Stored data

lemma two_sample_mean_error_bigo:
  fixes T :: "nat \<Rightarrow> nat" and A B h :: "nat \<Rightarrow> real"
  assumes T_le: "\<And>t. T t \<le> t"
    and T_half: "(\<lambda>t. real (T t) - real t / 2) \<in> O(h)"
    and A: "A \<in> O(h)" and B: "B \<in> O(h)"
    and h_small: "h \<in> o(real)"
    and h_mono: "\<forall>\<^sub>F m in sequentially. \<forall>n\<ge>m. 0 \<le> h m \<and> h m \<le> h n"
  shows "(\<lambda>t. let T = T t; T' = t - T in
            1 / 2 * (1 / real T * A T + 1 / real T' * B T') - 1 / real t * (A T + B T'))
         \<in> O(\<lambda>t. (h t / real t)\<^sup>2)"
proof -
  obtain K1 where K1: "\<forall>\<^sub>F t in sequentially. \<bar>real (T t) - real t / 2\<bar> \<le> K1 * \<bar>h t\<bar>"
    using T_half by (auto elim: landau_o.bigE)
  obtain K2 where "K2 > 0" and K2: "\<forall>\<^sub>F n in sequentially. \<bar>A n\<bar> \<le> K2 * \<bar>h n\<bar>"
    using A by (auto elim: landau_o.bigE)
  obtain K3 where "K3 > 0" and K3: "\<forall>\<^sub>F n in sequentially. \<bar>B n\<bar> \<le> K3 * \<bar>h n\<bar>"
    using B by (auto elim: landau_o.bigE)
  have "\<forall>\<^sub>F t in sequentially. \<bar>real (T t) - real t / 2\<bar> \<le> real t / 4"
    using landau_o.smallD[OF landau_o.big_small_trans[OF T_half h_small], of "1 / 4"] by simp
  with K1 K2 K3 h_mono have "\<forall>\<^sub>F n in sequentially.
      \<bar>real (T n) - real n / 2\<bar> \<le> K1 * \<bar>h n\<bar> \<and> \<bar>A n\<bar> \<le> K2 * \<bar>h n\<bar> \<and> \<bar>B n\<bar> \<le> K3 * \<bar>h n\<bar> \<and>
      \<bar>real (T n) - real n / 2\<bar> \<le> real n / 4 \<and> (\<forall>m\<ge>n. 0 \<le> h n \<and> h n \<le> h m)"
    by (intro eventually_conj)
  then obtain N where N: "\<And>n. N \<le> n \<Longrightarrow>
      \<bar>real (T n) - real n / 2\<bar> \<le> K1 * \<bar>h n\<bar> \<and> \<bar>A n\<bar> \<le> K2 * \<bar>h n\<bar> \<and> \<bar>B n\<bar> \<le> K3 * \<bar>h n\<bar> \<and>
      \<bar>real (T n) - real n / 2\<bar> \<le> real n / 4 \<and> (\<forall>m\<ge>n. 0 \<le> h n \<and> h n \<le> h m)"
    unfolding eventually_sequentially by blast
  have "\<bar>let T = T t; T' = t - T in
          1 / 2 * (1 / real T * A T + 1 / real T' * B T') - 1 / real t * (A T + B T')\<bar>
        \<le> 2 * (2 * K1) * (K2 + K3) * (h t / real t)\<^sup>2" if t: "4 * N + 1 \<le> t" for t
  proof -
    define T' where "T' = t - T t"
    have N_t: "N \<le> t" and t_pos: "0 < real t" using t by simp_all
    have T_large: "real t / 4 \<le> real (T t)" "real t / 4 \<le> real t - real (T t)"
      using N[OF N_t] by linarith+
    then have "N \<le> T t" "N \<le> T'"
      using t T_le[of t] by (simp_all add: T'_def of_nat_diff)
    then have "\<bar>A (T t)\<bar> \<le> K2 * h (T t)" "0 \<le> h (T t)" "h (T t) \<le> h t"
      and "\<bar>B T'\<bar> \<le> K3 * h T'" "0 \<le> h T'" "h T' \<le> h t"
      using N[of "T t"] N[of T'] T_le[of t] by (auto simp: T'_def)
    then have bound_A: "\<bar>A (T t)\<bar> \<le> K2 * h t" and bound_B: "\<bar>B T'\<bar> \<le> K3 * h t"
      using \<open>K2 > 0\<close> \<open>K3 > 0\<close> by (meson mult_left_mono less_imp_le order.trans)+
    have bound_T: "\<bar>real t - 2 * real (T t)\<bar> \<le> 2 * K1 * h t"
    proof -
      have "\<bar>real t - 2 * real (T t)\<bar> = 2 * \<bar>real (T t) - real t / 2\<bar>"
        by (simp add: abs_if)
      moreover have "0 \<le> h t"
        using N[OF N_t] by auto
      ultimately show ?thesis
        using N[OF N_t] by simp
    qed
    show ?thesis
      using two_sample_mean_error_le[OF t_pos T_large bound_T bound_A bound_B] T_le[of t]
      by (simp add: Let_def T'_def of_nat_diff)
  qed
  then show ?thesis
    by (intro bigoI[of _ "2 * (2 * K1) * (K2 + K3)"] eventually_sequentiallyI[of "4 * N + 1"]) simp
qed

...

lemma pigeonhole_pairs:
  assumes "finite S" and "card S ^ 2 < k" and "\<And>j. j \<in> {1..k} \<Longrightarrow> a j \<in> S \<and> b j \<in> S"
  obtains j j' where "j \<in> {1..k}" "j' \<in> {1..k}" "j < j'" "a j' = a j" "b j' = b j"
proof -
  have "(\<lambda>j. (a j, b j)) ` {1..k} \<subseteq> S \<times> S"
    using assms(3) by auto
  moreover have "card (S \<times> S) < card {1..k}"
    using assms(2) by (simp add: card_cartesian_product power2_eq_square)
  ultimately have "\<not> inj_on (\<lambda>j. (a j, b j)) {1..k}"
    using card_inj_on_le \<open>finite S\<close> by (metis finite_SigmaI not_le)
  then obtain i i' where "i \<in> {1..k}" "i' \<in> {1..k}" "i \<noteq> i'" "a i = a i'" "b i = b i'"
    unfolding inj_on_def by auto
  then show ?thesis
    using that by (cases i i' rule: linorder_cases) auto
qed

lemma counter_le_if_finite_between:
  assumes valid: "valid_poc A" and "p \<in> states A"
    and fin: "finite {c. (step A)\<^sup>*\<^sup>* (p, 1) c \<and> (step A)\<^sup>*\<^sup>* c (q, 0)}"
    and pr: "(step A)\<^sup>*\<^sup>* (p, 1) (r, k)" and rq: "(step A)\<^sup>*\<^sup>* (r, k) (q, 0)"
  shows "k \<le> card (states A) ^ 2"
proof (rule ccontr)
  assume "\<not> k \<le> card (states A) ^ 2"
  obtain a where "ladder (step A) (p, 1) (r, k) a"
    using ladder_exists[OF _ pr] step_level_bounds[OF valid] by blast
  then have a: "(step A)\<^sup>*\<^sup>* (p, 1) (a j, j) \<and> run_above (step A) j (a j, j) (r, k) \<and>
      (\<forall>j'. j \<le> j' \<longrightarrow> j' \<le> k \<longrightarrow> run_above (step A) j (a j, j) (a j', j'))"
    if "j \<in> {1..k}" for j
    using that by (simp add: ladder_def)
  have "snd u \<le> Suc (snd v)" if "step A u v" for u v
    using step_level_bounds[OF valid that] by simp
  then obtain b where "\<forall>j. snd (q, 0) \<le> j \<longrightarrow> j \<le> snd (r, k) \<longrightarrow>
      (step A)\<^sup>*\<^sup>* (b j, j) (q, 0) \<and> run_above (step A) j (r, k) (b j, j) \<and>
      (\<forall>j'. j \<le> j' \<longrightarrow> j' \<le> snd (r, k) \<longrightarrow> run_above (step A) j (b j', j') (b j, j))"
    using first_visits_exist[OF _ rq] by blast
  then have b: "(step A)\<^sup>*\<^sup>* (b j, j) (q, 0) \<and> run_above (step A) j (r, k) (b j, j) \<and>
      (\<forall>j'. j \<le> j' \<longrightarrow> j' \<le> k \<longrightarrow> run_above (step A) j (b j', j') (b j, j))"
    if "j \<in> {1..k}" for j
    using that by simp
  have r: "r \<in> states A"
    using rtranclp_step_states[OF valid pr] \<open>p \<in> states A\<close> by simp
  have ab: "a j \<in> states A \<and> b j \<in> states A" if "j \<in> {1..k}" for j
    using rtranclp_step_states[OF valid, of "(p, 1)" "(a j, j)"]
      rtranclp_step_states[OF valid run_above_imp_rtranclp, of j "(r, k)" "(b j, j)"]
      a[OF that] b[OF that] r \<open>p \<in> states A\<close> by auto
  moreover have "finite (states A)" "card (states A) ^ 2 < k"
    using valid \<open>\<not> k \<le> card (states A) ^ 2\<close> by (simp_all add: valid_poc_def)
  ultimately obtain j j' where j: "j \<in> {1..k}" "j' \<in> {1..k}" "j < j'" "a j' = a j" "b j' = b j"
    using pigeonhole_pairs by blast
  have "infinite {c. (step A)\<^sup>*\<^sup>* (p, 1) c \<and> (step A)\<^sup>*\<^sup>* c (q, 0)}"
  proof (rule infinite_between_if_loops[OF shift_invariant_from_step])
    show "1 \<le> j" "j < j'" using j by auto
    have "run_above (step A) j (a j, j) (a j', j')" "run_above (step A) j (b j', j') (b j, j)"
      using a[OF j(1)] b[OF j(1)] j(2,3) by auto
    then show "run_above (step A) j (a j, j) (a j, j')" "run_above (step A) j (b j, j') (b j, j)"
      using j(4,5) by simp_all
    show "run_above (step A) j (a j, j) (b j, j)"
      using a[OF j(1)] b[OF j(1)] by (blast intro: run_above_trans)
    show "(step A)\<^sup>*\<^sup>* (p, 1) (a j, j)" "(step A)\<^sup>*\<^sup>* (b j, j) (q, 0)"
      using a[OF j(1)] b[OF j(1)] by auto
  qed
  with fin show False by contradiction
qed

==

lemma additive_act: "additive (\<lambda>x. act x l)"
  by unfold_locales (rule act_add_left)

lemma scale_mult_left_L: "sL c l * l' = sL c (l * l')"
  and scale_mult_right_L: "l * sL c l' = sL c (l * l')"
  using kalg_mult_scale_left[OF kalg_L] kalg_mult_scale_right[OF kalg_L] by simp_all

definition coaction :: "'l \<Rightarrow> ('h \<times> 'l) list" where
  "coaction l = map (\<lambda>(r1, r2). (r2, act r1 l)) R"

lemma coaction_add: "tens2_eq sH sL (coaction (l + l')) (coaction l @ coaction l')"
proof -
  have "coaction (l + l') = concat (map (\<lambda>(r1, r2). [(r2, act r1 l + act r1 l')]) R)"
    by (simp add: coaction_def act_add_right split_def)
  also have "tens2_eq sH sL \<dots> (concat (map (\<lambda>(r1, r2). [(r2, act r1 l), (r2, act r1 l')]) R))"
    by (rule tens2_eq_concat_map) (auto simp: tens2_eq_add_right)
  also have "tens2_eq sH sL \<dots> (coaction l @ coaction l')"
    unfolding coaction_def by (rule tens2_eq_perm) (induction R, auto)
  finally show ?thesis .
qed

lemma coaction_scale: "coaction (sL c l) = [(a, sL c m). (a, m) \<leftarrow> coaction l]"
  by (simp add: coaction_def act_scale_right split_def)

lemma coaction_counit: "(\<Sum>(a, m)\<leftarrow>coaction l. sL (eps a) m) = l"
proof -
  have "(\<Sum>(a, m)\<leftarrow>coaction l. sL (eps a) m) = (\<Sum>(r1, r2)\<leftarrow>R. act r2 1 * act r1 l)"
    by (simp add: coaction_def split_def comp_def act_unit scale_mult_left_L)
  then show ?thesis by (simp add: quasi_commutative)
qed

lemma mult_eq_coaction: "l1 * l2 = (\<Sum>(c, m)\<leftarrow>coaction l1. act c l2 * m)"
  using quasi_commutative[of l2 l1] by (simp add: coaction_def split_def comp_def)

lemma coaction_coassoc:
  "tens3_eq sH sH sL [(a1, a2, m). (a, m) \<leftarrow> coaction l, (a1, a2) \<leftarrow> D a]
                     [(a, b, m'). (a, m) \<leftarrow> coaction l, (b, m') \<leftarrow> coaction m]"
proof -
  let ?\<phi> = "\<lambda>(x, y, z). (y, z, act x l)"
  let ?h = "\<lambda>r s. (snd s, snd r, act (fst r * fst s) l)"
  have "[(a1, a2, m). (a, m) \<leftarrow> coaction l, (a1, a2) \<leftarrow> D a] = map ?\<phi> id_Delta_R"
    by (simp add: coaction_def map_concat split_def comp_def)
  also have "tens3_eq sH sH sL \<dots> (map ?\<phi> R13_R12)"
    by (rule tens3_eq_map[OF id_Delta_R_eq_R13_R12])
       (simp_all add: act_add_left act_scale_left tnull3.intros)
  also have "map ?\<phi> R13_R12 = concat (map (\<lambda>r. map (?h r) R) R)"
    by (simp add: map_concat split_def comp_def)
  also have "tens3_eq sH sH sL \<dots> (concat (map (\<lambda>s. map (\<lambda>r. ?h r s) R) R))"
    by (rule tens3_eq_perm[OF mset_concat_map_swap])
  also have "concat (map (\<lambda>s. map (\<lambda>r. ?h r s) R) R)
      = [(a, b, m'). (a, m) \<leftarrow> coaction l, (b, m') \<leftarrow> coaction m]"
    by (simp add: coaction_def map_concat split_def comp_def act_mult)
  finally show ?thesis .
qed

» What you are asked to do: For the word "unfolding", count the lines of the records that contain it and give only the number.

» Response to the exercise: 3